One of the most promising ways of improving the wavelength-discriminating ability of optical filters, i.e. increasing the finesse of the filter, has been to pass the light through a cascade of several etalons having incommensurate spacings of their transmission peaks and each having only modest finesse. To make such structures electrically tunable, it is the usual practice to provide some sort of piezoelectric structure that changes the mirror spacings by the application of one or more electrical voltages.
There are two problems with such approaches. First, the tuning speed is limited by the inertia of the physically moving parts. Second, the various parts of the assembly are subject to dimensional variations due to temperature changes and mechanical vibration, so that elaborate means must be taken to stabilize them. Although it is quite practical to make single or double-cavity etalons with a finesse of several thousand, as would be required for a wavelength-division communication network of, say, one thousand stations, the limitations on tuning speed and stability remain a serious problem with this class of solutions.
It is well known in the current art of tunable multicavity etalons that if a solid wedge of glass with reflective surfaces has a gradual enough taper, one can form a tunable etalon by controlling the position along the taper at which the light passes through the wedge.
Single- and multi-cavity etalons are described in the book The Fabry-Perot Interferometer, by J. M. Vaughan, published by the American Institute of Physics and herein incorporated by reference for its teachings in the field of optics. The use of separately tuned two-cavity etalons in optical communication applications is described in the paper by I. Kaminow, P. P. Iannone, J. Stone and L. W. Stulz, A Tunable Vernier Fiber Fabry-Perot Filter for FDM Demultiplexing and Detection, IEEE Photonics Tech. Ltrs., Vol 1, No. 1, January 1989, pp. 24-25, herein incorporated by reference for its teachings in the field of optics.
The use of wedges goes all the way back to Fizeau (see Born and Wolf, Principles of Optics, Pergamon Press, 6th Edition, p. 289-290). However, if the two surfaces of the wedge have only low reflectivity, interference takes place between only two weakly reflected beams of light, one from the near surface and one from the far surface. In a true wedge etalon, both facing surfaces of the wedge are reflective-coated so that the light makes many bounces, as in any Fabry-Perot interferometer. The use of wedge etalons as optically tunable devices has been described in the book by S. Tolansky, An Introduction to Interferometry, Longmans, Green and Co., 1955, and by N. Barakat, M. Medhat, H. A. El-Hennawi and S. Y. El-Zaiat in Methods of Controlling the Spatial Frequency of the Fringes Formed by a Wedge Interferometer, Optik, Vol. 81, No. 1, 1988, pp. 1-5, herein incorporated by reference for its teachings in the field of optics.

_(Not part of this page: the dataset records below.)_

lemma root_of_unity_eq_unit_root_pow:
  assumes N: "N > 0" and v: "v ^ N = 1"
  obtains k where "k < N" "v = unit_root N ^ k"
  using Complex.bij_betw_roots_unity[OF N] v that unfolding bij_betw_def unit_root_pow_eq by auto

lemma unit_root_pow_cofactor:
  assumes "M > 0"
  shows "unit_root (p * M) ^ M = unit_root p"
  using assms unfolding unit_root_def Complex.DeMoivre by (simp add: field_simps)

lemma sum_unit_root_pow:
  assumes p: "p > 0"
  shows "(\<Sum>s<p. unit_root p ^ (s * t)) = (if p dvd t then of_nat p else 0)"
proof -
  have eq: "unit_root p ^ (s * t) = (unit_root p ^ t) ^ s" for s
    by (simp only: mult.commute[of _ t] power_mult)
  show ?thesis
  proof (cases "p dvd t")
    case True
    then have "unit_root p ^ t = 1" using unit_root_pow_eq_1_iff[OF p] by simp
    then show ?thesis unfolding eq using True by simp
  next
    case False
    then have ne: "unit_root p ^ t \<noteq> 1" using unit_root_pow_eq_1_iff[OF p] by simp
    have "(unit_root p ^ t) ^ p = 1" using p by (simp flip: power_mult add: mult.commute power_mult)
    then show ?thesis unfolding eq geometric_sum[OF ne] using False by simp
  qed
qed

definition minimal_vanishing :: "('i \<Rightarrow> 'a::comm_monoid_add) \<Rightarrow> 'i set \<Rightarrow> bool" where
  "minimal_vanishing f B \<longleftrightarrow> B \<noteq> {} \<and> sum f B = 0 \<and> (\<forall>C. C \<subset> B \<longrightarrow> C \<noteq> {} \<longrightarrow> sum f C \<noteq> 0)"

text \<open>Orthogonality of characters of \<open>\<int>/p\<close> extracts a residue class of exponents.\<close>
lemma sum_twisted_residue_class:
  fixes a :: "'i \<Rightarrow> complex" and e :: "'i \<Rightarrow> nat"
  assumes A: "finite A" and r: "r < p"
  shows "(\<Sum>s<p. unit_root p ^ (s * (p - r)) * (\<Sum>i\<in>A. a i * unit_root p ^ (s * e i)))
       = of_nat p * (\<Sum>i\<in>{i\<in>A. e i mod p = r}. a i)"
proof -
  have p: "p > 0" using r by simp
  have dvd_iff: "p dvd p - r + e i \<longleftrightarrow> e i mod p = r" for i
    using r by (metis Nat.add_diff_assoc2 add_increasing2 dvd_minus_mod mod_add_self1
        mod_nat_eqI order.strict_implies_order zero_le)
  have "(\<Sum>s<p. unit_root p ^ (s * (p - r)) * (\<Sum>i\<in>A. a i * unit_root p ^ (s * e i)))
      = (\<Sum>i\<in>A. a i * (\<Sum>s<p. unit_root p ^ (s * (p - r + e i))))"
    by (simp add: sum_distrib_left power_add algebra_simps flip: sum.swap[of _ A])
  also have "\<dots> = (\<Sum>i\<in>A. of_nat p * (if e i mod p = r then a i else 0))"
    unfolding sum_unit_root_pow[OF p] dvd_iff by (intro sum.cong refl) simp
  also have "\<dots> = of_nat p * (\<Sum>i\<in>{i\<in>A. e i mod p = r}. a i)"
    using A by (simp add: sum.inter_filter sum_distrib_left)
  finally show ?thesis .
qed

Acoustooptic deflectors, in which a high-frequency acoustic wave effectively sets up a grating in a crystal, have been used for steering laser beams since the mid-1960s. It is clear that such a deflector followed by a pinhole passing only one diffracted angle of light could be used for a crude tunable optical filter, but the number of resolvable wavelengths for such a scheme is quite small. Comprehensive discussions of acoustooptic deflectors and filters have been given by A. Korpel in "Acoustooptics--A Review of Fundamentals", Proc. IEEE, Vol. 69, No.1, January 1981, pp. 48-53, and by I. C. Chang in "Acoustooptic Devices and Applications", IEEE Transactions on Sonics and Ultrasonics, Vol. 23, No. 1, January, 1976, pp. 1-22, herein incorporated by reference for its teachings in the field of optics.
Thus, numerous references disclose the use of single-cavity etalons or acoustooptic deflectors alone to build tunable optical filters. In addition, several references have combined these two technologies (K. Liu and F. Tong, Acousto-optically Tuned Angle Etalon, IBM Tech. Disclosure Bull., Vol. 32, No. 10B, March, 1990, p. 441, herein incorporated by reference for its teachings in the field of optics; U.S. Pat. No. 4,204,771 to Shull et al.). In these references, a deflector, which precedes a single plane-parallel etalon, is used simply to change the angle at which the light passes through the etalon, thus changing slightly the resonance wavelength. The tuning range is very small as a result of the etalon being plane-parallel rather than wedge shaped.
U.S. Pat. No. 3,914,055 to Wolga et al. teaches a combination of an acoustooptic filter (as opposed to a deflector) and an etalon. The filter does rough filtering and the etalon does fine filtering.
Deflection, followed by a single wedge, is described in the paper by W. Baer and A. Gardner, "A Scanning Fabry-Perot Interferometer", Journal of the Optical Society of America, Vol. 51, pp. 1400-1401. However, this device lacks speed and selectivity because the deflection is mechanical and only a single wedge etalon is used.